Paper explores how to preserve privacy within AI foundation models
Published: 08/04/2026
| Stanford University
A new research paper from the Stanford Institute for Human-Centered Artificial Intelligence (HAI) warns that foundation models present unprecedented privacy risks that are significantly more complex than those of traditional artificial intelligence (AI) systems. These risks exist across the entire life cycle of a model, beginning with the mass scraping of personally identifiable information for training, through to how models memorise and regurgitate sensitive information, and to when users unknowingly disclose intimate data during interactions.

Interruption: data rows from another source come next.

(* Let $\ell$ be odd, $H=\mathbb{Z}_\ell$, let $X$ be a finite $s$-regular graph with a right action of $H$ that is free on vertices and on edges and such that no edge joins two vertices of the form $v$ and $vh$ ($h\in H$), let $L$ be a local code of block length $s$, and let $\Lambda$ be an $H$-invariant labeling. Let $C_\ell$ be the cycle graph with $\ell$ vertices and $\ell$ edges, with $H$ acting from the left by rotation. Then $$\dim H^h_1\big(C(X,L,\Lambda)\otimes_{H}C(C_\ell)\big)=\dim\ker\big(\partial: C_1(X/H)\to C_0(X/H)\otimes L_0\big),$$ i.e. the number of horizontal logical qubits of the balanced product code equals the number of bits encoded by the Tanner code $C(X/H,L,\bar\Lambda)$ on the quotient graph.
   Context: A local code is a two-term complex $L=(L_1\xrightarrow{\partial^L}L_0)$ of $\mathbb{F}_2$-vector spaces where $L_1=\mathbb{F}_2^s$ has a distinguished basis $\mathcal{B}$. For a vertex $v$ let $\delta v$ be the set of incident edges; a labeling is a family of bijections $\Lambda_v:\delta v\to\mathcal{B}$, and it is $H$-invariant if $\Lambda_{vh}(eh)=\Lambda_v(e)$ for all $v,e,h$. The Tanner code $C(X,L,\Lambda)$ is the two-term complex $C_1(X)=\mathbb{F}_2^{X^1}\xrightarrow{\partial}C_0(X)\otimes L_0$, $\partial e=v\otimes\partial^L\Lambda_v(e)+w\otimes\partial^L\Lambda_w(e)$ for an edge $e$ with endpoints $v,w$; $H$ acts on it from the right via its action on $X$ (trivially on $L_0$), by chain maps. The quotient graph $X/H$ has the $H$-orbits of vertices and edges as vertices and edges; it is $s$-regular and $\Lambda$ descends to a labeling $\bar\Lambda$ of $X/H$. $C(C_\ell)$ is the cellular chain complex $C_1(C_\ell)\to C_0(C_\ell)$ of the cycle graph over $\mathbb{F}_2$ (each edge maps to the sum of its two endpoints). For $V$ with right and $W$ with left $H$-action, $V\otimes_HW=(V\otimes W)/\langle vh\otimes w-v\otimes hw\rangle$. The balanced product complex $T=C(X,L,\Lambda)\otimes_HC(C_\ell)$ is the total complex with $T_2=C_1(X)\otimes_HC_1(C_\ell)$, $T_1=(C_1(X)\otimes_HC_0(C_\ell))\oplus((C_0(X)\otimes L_0)\otimes_HC_1(C_\ell))$, $T_0=(C_0(X)\otimes L_0)\otimes_HC_0(C_\ell)$ and differential induced by $\partial\otimes\operatorname{id}+\operatorname{id}\otimes\partial^{C_\ell}$. The horizontal homology $H^h_1(T)\subseteq H_1(T)$ is the subspace of classes admitting a representative of the form $(u,0)$ with $u\in C_1(X)\otimes_HC_0(C_\ell)$. *)

theory Defs
  imports Complex_Main "HOL-Library.Z2" "HOL-Library.Function_Algebras"
begin

definition fscale :: "bit \<Rightarrow> ('i \<Rightarrow> bit) \<Rightarrow> ('i \<Rightarrow> bit)" where
  "fscale c f = (\<lambda>x. c * f x)"

abbreviation fdim :: "('i \<Rightarrow> bit) set \<Rightarrow> nat" where
  "fdim S \<equiv> vector_space.dim fscale S"

abbreviation fspan :: "('i \<Rightarrow> bit) set \<Rightarrow> ('i \<Rightarrow> bit) set" where
  "fspan S \<equiv> module.span fscale S"

text \<open>F2^A: vectors supported on the carrier A (the free vector space on A).\<close>
definition fvec :: "'i set \<Rightarrow> ('i \<Rightarrow> bit) set" where
  "fvec A = {x. \<forall>p. x p \<noteq> 0 \<longrightarrow> p \<in> A}"

definition ind :: "'i \<Rightarrow> 'i \<Rightarrow> bit" where
  "ind p = (\<lambda>q. if q = p then 1 else 0)"

text \<open>Dimension of the quotient space S/B of a finite-dimensional space S by
  a subspace B \<subseteq> S.\<close>
definition quot_dim :: "('i \<Rightarrow> bit) set \<Rightarrow> ('i \<Rightarrow> bit) set \<Rightarrow> nat" where
  "quot_dim S B = fdim S - fdim B"

definition regular_graph :: "'v set \<Rightarrow> 'e set \<Rightarrow> ('e \<Rightarrow> 'v set) \<Rightarrow> nat \<Rightarrow> bool" where
  "regular_graph V E endp s \<longleftrightarrow> finite V \<and> finite E \<and>
     (\<forall>e\<in>E. endp e \<subseteq> V \<and> card (endp e) = 2) \<and>
     (\<forall>v\<in>V. card {e\<in>E. v \<in> endp e} = s)"

definition inc :: "'e set \<Rightarrow> ('e \<Rightarrow> 'v set) \<Rightarrow> 'v \<Rightarrow> 'e set" where
  "inc E endp v = {e\<in>E. v \<in> endp e}"

definition right_action :: "nat \<Rightarrow> 'a set \<Rightarrow> ('a \<Rightarrow> nat \<Rightarrow> 'a) \<Rightarrow> bool" where
  "right_action l A act \<longleftrightarrow>
     (\<forall>a\<in>A. \<forall>h<l. act a h \<in> A) \<and> (\<forall>a\<in>A. act a 0 = a) \<and>
     (\<forall>a\<in>A. \<forall>h<l. \<forall>k<l. act (act a h) k = act a ((h + k) mod l))"

definition free_action :: "nat \<Rightarrow> 'a set \<Rightarrow> ('a \<Rightarrow> nat \<Rightarrow> 'a) \<Rightarrow> bool" where
  "free_action l A act \<longleftrightarrow> (\<forall>a\<in>A. \<forall>h<l. act a h = a \<longrightarrow> h = 0)"

definition graph_action :: "nat \<Rightarrow> 'v set \<Rightarrow> 'e set \<Rightarrow> ('e \<Rightarrow> 'v set)
    \<Rightarrow> ('v \<Rightarrow> nat \<Rightarrow> 'v) \<Rightarrow> ('e \<Rightarrow> nat \<Rightarrow> 'e) \<Rightarrow> bool" where
  "graph_action l V E endp actv acte \<longleftrightarrow>
     right_action l V actv \<and> right_action l E acte \<and>
     (\<forall>e\<in>E. \<forall>h<l. endp (acte e h) = (\<lambda>v. actv v h) ` endp e) \<and>
     free_action l V actv \<and> free_action l E acte \<and>
     (\<forall>e\<in>E. \<forall>v. \<forall>h<l. endp e \<noteq> {v, actv v h})"

text \<open>Labeling: bijections Lambda_v from the edges at v onto the basis
  {0..<s} of L_1 = F2^s.\<close>
definition labeling :: "'v set \<Rightarrow> 'e set \<Rightarrow> ('e \<Rightarrow> 'v set) \<Rightarrow> nat
    \<Rightarrow> ('v \<Rightarrow> 'e \<Rightarrow> nat) \<Rightarrow> bool" where
  "labeling V E endp s lab \<longleftrightarrow> (\<forall>v\<in>V. bij_betw (lab v) (inc E endp v) {0..<s})"

definition invariant_labeling :: "nat \<Rightarrow> 'v set \<Rightarrow> 'e set \<Rightarrow> ('e \<Rightarrow> 'v set)
    \<Rightarrow> ('v \<Rightarrow> nat \<Rightarrow> 'v) \<Rightarrow> ('e \<Rightarrow> nat \<Rightarrow> 'e) \<Rightarrow> ('v \<Rightarrow> 'e \<Rightarrow> nat) \<Rightarrow> bool" where
  "invariant_labeling l V E endp actv acte lab \<longleftrightarrow>
     (\<forall>v\<in>V. \<forall>e\<in>inc E endp v. \<forall>h<l. lab (actv v h) (acte e h) = lab v e)"
(* Rescale coordinates by r, so that the grid cells become unit cubes, and let G_M(v) be the
   M-mass of the cube with lower corner v. Averaging over the offset x sweeps every cube exactly
   once over R^d, hence H(M;r) ln 2 is the Lebesgue integral of -G_M ln G_M. Convolving M with N
   replaces G_M by its average over the translates by the rescaled N. For probability measures
   b and c the functional u \<mapsto> \<integral> -u ln u is then submodular,
   H(a \<star> b \<star> c) + H(a) \<le> H(a \<star> c) + H(a \<star> b);
   after Fubini this is, pointwise, the log-sum inequality for the average over b.
   With a = \<mu>, b = \<nu>^j and c = \<nu> every increment H(\<mu> \<star> \<nu>^(j+1)) - H(\<mu> \<star> \<nu>^j) is at most
   H(\<mu> \<star> \<nu>) - H(\<mu>), and summing the increments gives the claim. *)

lemma neg_mult_ln_nonneg:
  fixes p :: real
  assumes "0 \<le> p" "p \<le> 1"
  shows "0 \<le> - (p * ln p)"
  using assms by (cases "p = 0") (auto intro: mult_nonneg_nonpos)

lemma neg_mult_ln_le_one:
  fixes p :: real
  assumes "0 \<le> p"
  shows "- (p * ln p) \<le> 1"
proof (cases "p = 0")
  case False
  then have "0 < p" using assms by simp
  have "ln (1/p) \<le> 1/p - 1" using \<open>0 < p\<close> by (intro ln_le_minus_one) simp
  then have "p * (- ln p) \<le> p * (1/p - 1)"
    using \<open>0 < p\<close> by (intro mult_left_mono) (auto simp: ln_div)
  also have "\<dots> = 1 - p" using \<open>0 < p\<close> by (simp add: field_simps)
  finally show ?thesis using assms by simp
qed simp

text \<open>The tangent-line bound \<open>ln x \<ge> 1 - 1/x\<close> at \<open>x = p Q / (q P)\<close>.\<close>
lemma mult_ln_ratio_ge:
  fixes p q P Q :: real
  assumes "0 \<le> p" "0 \<le> q" "p > 0 \<longrightarrow> q > 0" "P > 0" "Q > 0"
  shows "p * ln p - p * ln q \<ge> p * ln (P / Q) + p - q * P / Q"
proof (cases "p = 0")
  case False
  then have "p > 0" "q > 0" using assms by auto
  define x where "x = p * Q / (q * P)"
  have "x > 0" unfolding x_def using \<open>p > 0\<close> \<open>q > 0\<close> assms by simp
  have "ln (1/x) \<le> 1/x - 1" using \<open>x > 0\<close> by (intro ln_le_minus_one) simp
  then have "p * (- ln x) \<le> p * (1/x - 1)"
    using \<open>x > 0\<close> \<open>p > 0\<close> by (intro mult_left_mono) (auto simp: ln_div)
  moreover have "p * ln x = p * ln p + p * ln Q - p * ln q - p * ln P"
    unfolding x_def using \<open>p > 0\<close> \<open>q > 0\<close> assms by (simp add: ln_div ln_mult algebra_simps)
  moreover have "p * (1/x) = q * P / Q"
    unfolding x_def using \<open>p > 0\<close> \<open>q > 0\<close> assms by (simp add: field_simps)
  moreover have "p * ln (P / Q) = p * ln P - p * ln Q"
    using assms by (simp add: ln_div right_diff_distrib)
  ultimately show ?thesis by (simp add: right_diff_distrib)
qed (use assms in simp)

text \<open>The value \<open>\<infinity>\<close> for \<open>q \<le> 0\<close> (with \<open>0 * \<infinity> = 0\<close>) lets the log-sum inequality below
  hold without any integrability hypothesis.\<close>
definition cross_ent :: "real \<Rightarrow> real \<Rightarrow> ennreal" where
  "cross_ent p q = ennreal p * (if q \<le> 0 then \<infinity> else ennreal (- ln q))"

lemma measurable_cross_ent [measurable (raw)]:
  assumes [measurable]: "f \<in> borel_measurable M" "g \<in> borel_measurable M"
  shows "(\<lambda>x. cross_ent (f x) (g x)) \<in> borel_measurable M"
  unfolding cross_ent_def by measurable

lemma cross_ent_0_left [simp]: "cross_ent 0 q = 0"
  by (simp add: cross_ent_def)

lemma cross_ent_eq:
  assumes "0 \<le> p" "q \<le> 1" "0 < p \<longrightarrow> 0 < q"
  shows "cross_ent p q = ennreal (- (p * ln q))"
proof (cases "p = 0")
  case False
  then show ?thesis using assms by (simp add: cross_ent_def ennreal_mult[symmetric])
qed (simp add: cross_ent_def)

lemma cross_ent_self: "0 \<le> p \<Longrightarrow> p \<le> 1 \<Longrightarrow> cross_ent p p = ennreal (- (p * ln p))"
  by (rule cross_ent_eq) auto

lemma log_sum_inequality_integral:
  fixes p q :: "'a \<Rightarrow> real"
  assumes "integrable M p" "integrable M q"
    and "integrable M (\<lambda>t. p t * ln (p t))" "integrable M (\<lambda>t. p t * ln (q t))"
    and "\<And>t. 0 \<le> p t" "\<And>t. 0 \<le> q t" "AE t in M. 0 < p t \<longrightarrow> 0 < q t"
    and "0 < integral\<^sup>L M p"
  shows "0 < integral\<^sup>L M q"
    and "integral\<^sup>L M p * ln (integral\<^sup>L M p) - integral\<^sup>L M p * ln (integral\<^sup>L M q)
      \<le> (\<integral>t. p t * ln (p t) - p t * ln (q t) \<partial>M)"
proof -
  define P Q where "P = integral\<^sup>L M p" and "Q = integral\<^sup>L M q"
  show "0 < Q"
  proof (rule ccontr)
    assume "\<not> 0 < Q"
    moreover have "0 \<le> Q"
      unfolding Q_def by (rule Bochner_Integration.integral_nonneg) (use assms(6) in auto)
    ultimately have "Q = 0" by simp
    then have "AE t in M. q t = 0"
      using integral_nonneg_eq_0_iff_AE[OF assms(2)] assms(6) by (simp add: Q_def)
    with assms(7) have "AE t in M. p t = 0" by eventually_elim (use assms(5) in \<open>smt (verit)\<close>)
    then show False using assms(8) integral_eq_zero_AE by force
  qed
  have "P * ln P - P * ln Q = P * ln (P / Q)"
    using assms(8) \<open>0 < Q\<close> by (simp add: P_def ln_div right_diff_distrib)
  also have "\<dots> = (\<integral>t. p t * ln (P / Q) + p t - q t * P / Q \<partial>M)"
    using assms(1,2) \<open>0 < Q\<close> by (simp add: P_def Q_def)
  also have "\<dots> \<le> (\<integral>t. p t * ln (p t) - p t * ln (q t) \<partial>M)"
  proof (rule integral_mono_AE)
    show "integrable M (\<lambda>t. p t * ln (P / Q) + p t - q t * P / Q)"
      using assms(1,2) by auto
    show "integrable M (\<lambda>t. p t * ln (p t) - p t * ln (q t))"
      using assms(3,4) by auto
    show "AE t in M. p t * ln (P / Q) + p t - q t * P / Q \<le> p t * ln (p t) - p t * ln (q t)"
      using assms(7) by eventually_elim (use assms(5,6,8) \<open>0 < Q\<close> mult_ln_ratio_ge in \<open>auto simp: P_def\<close>)
  qed
  finally show "P * ln P - P * ln Q \<le> (\<integral>t. p t * ln (p t) - p t * ln (q t) \<partial>M)" .
qed

lemma nn_integral_cross_ent_self:
  assumes "finite_measure M" and [measurable]: "p \<in> borel_measurable M"
    and p01: "\<And>t. 0 \<le> p t \<and> p t \<le> 1"
  shows "integrable M (\<lambda>t. p t * ln (p t))"
    and "(\<integral>\<^sup>+ t. cross_ent (p t) (p t) \<partial>M) = ennreal (\<integral>t. - (p t * ln (p t)) \<partial>M)"
    and "0 \<le> (\<integral>t. - (p t * ln (p t)) \<partial>M)"
proof -
  interpret finite_measure M by fact
  show int: "integrable M (\<lambda>t. p t * ln (p t))"
    using p01 neg_mult_ln_nonneg neg_mult_ln_le_one
    by (intro integrable_const_bound[where B=1]) (auto simp: abs_le_iff)
  show "(\<integral>\<^sup>+ t. cross_ent (p t) (p t) \<partial>M) = ennreal (\<integral>t. - (p t * ln (p t)) \<partial>M)"
    using p01 neg_mult_ln_nonneg
    by (subst nn_integral_eq_integral[symmetric]) (auto intro!: nn_integral_cong simp: cross_ent_self int)
  show "0 \<le> (\<integral>t. - (p t * ln (p t)) \<partial>M)"
    using p01 neg_mult_ln_nonneg by (intro Bochner_Integration.integral_nonneg) auto
qed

The paper also identifies specific technical threats, such as data poisoning, prompt injection, and model inversion, which allow adversarial attackers to bypass safeguards. Current regulatory frameworks, including the EU General Data Protection Regulation (GDPR), are described as fundamentally incompatible with the construction of these models. Furthermore, neither the UK, the US, nor the EU has yet implemented comprehensive rules to effectively alter developer behaviour.
To address these gaps, the HAI researchers urge policymakers to establish clearer guardrails. Proposed governance mechanisms include mandating the removal of personal information from training pipelines, enhancing model transparency, and enforcing privacy-by-design principles. Without such intervention, the report concludes that the public remains reliant on the voluntary actions of developers to protect their personal data.